I think I am in withdrawal — no more two-, three-, four-plus-hour hikes through landscape that transforms and surprises with shift of wind and sunlight’s exposure. No more sandwiches and chocolate atop weathered, bald-capped mountains; nor the chitter and scold of red squirrels, otherwise silent as breath. The Canine Electron, I am certain, misses the adventure, as well.

But today — this moment, right here, right now — is lovely. A great depth of Autumn sky sprawls above our small, familiar patch of Earth. Together, we have put some miles beneath our eager feet.

Take a Deep Breath — A Dream

He said that he would follow, that he was right behind me. Now, I stand in the galleried section of a large interior space, while he remains below — I can see him, moving between rows of parked cars with that canvas backpack a peculiar khaki lump strapped against his spine.
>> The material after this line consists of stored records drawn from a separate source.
(* In the setting described in the context, let $\epsilon\in(0,1)$, and suppose $r\le\frac\Delta2$ and \[pn_{\min}\ge 16\max\Big\{1,\Big(\frac{r}{\Delta/2-r}\Big)^2\Big\}\log\frac{k(d+2)}{\epsilon}.\] Then with probability at least $1-\epsilon$, simultaneously for every $S,T\in\Gamma$ with $S\ne T$ and every $i\in S$, $\|x_i-c_{S'}\|<\|x_i-c_{T'}\|$.
   Context: Let $X=\{x_i\}_{i\in[n]}$ be points in $\mathbb{R}^d$ and $\Gamma$ a partition of $[n]$ into $k$ nonempty sets. For nonempty $S\subseteq[n]$, $c_S:=\frac1{|S|}\sum_{i\in S}x_i$. Let $\Delta:=\min_{S\ne T\in\Gamma}\|c_S-c_T\|$, $r:=\max_{S\in\Gamma}\max_{i\in S}\|x_i-c_S\|$, $n_{\min}:=\min_{S\in\Gamma}|S|$. Let $p\in(0,1]$ and let $W\subseteq[n]$ be random, containing each index independently with probability $p$; for $S\in\Gamma$ put $S':=S\cap W$. The quantity $\frac{r}{\Delta/2-r}$ is interpreted as $+\infty$ when $r=\Delta/2$. Logarithms are natural. *)

theory Defs
  imports "HOL-Analysis.Analysis" "HOL-Probability.Probability" "HOL-Library.Disjoint_Sets"
begin

definition centroid :: "(nat \<Rightarrow> 'a::real_vector) \<Rightarrow> nat set \<Rightarrow> 'a" where
  "centroid x S = (1 / real (card S)) *\<^sub>R (\<Sum>i\<in>S. x i)"

definition min_sep :: "(nat \<Rightarrow> 'a::real_normed_vector) \<Rightarrow> nat set set \<Rightarrow> real" where
  "min_sep x \<Gamma> = Min {norm (centroid x S - centroid x T) | S T. S \<in> \<Gamma> \<and> T \<in> \<Gamma> \<and> S \<noteq> T}"

definition max_rad :: "(nat \<Rightarrow> 'a::real_normed_vector) \<Rightarrow> nat set set \<Rightarrow> real" where
  "max_rad x \<Gamma> = Max {norm (x i - centroid x S) | S i. S \<in> \<Gamma> \<and> i \<in> S}"

definition min_size :: "nat set set \<Rightarrow> nat" where
  "min_size \<Gamma> = Min (card ` \<Gamma>)"

definition sep_ratio :: "real \<Rightarrow> real \<Rightarrow> ereal" where
  "sep_ratio r \<Delta> = (if r = \<Delta> / 2 then \<infinity> else ereal (r / (\<Delta> / 2 - r)))"

text \<open>Random subset W of {0..<n}: each index independently with probability p.\<close>
definition sample_pmf :: "nat \<Rightarrow> real \<Rightarrow> (nat \<Rightarrow> bool) pmf" where
  "sample_pmf n p = Pi_pmf {..<n} False (\<lambda>_. bernoulli_pmf p)"
lemma commutes_with_Y_imp_0: assumes "nmul G (gen Y) = nmul (gen Y) G" "\<And>w. G w \<noteq> 0 \<Longrightarrow> X \<in> set w"
  shows "G = 0"
proof -
  have main: "G (replicate n Y @ X # v) = 0" for n v
  proof (induction n arbitrary: v)
    case 0
    have "G (X # v) = nmul G (gen Y) (X # v @ [Y])" by (simp add: nmul_gen_right)
    also have "\<dots> = nmul (gen Y) G (X # v @ [Y])" using assms(1) by simp
    also have "\<dots> = 0" by (simp add: nmul_gen_left)
    finally show ?case by simp
  next
    case (Suc n)
    have "G (replicate (Suc n) Y @ X # v) = nmul G (gen Y) (replicate (Suc n) Y @ X # v @ [Y])"
      by (simp add: nmul_gen_right butlast_append)
    also have "\<dots> = nmul (gen Y) G (replicate (Suc n) Y @ X # v @ [Y])" using assms(1) by simp
    also have "\<dots> = G (replicate n Y @ X # v @ [Y])" by (simp add: nmul_gen_left)
    also have "\<dots> = 0" by (rule Suc.IH)
    finally show ?case .
  qed
  show ?thesis
  proof
    fix w show "G w = 0 w"
    proof (rule ccontr)
      assume "G w \<noteq> 0 w"
      then have "X \<in> set w" using assms(2) by simp
      then obtain n v where "w = replicate n Y @ X # v" using split_first_X by blast
      then show False using main \<open>G w \<noteq> 0 w\<close> by simp
    qed
  qed
qed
But he does not follow me, and never intended to — this is evident after the blast. So thunderously loud, it shakes the structure’s foundations, unhinges the roof above the parking lot so thoroughly it crashes down with a great whump on all beneath it — cars, trucks, him. All is compressed in an arch of sound, of flying debris, dust, ash.

Silence settles. Outside, beyond panoramic windows, the scene is pastoral, unaffected — sweeping lawns of bright green; wide blue skies and luminous white clouds. Inside, destruction. And though I am safe, my son is on the other side of this complex, separated from me by the collapsed parking deck. I need to get to him, to be sure of his safety. The only way to do so is treacherous — I must pass through a compressed, elastic tunnel. It is banded with silver support rings, will expand to permit my passage and extend as necessary to transport me geographically. The difficulty is that I must not breathe while within, or I will be crushed.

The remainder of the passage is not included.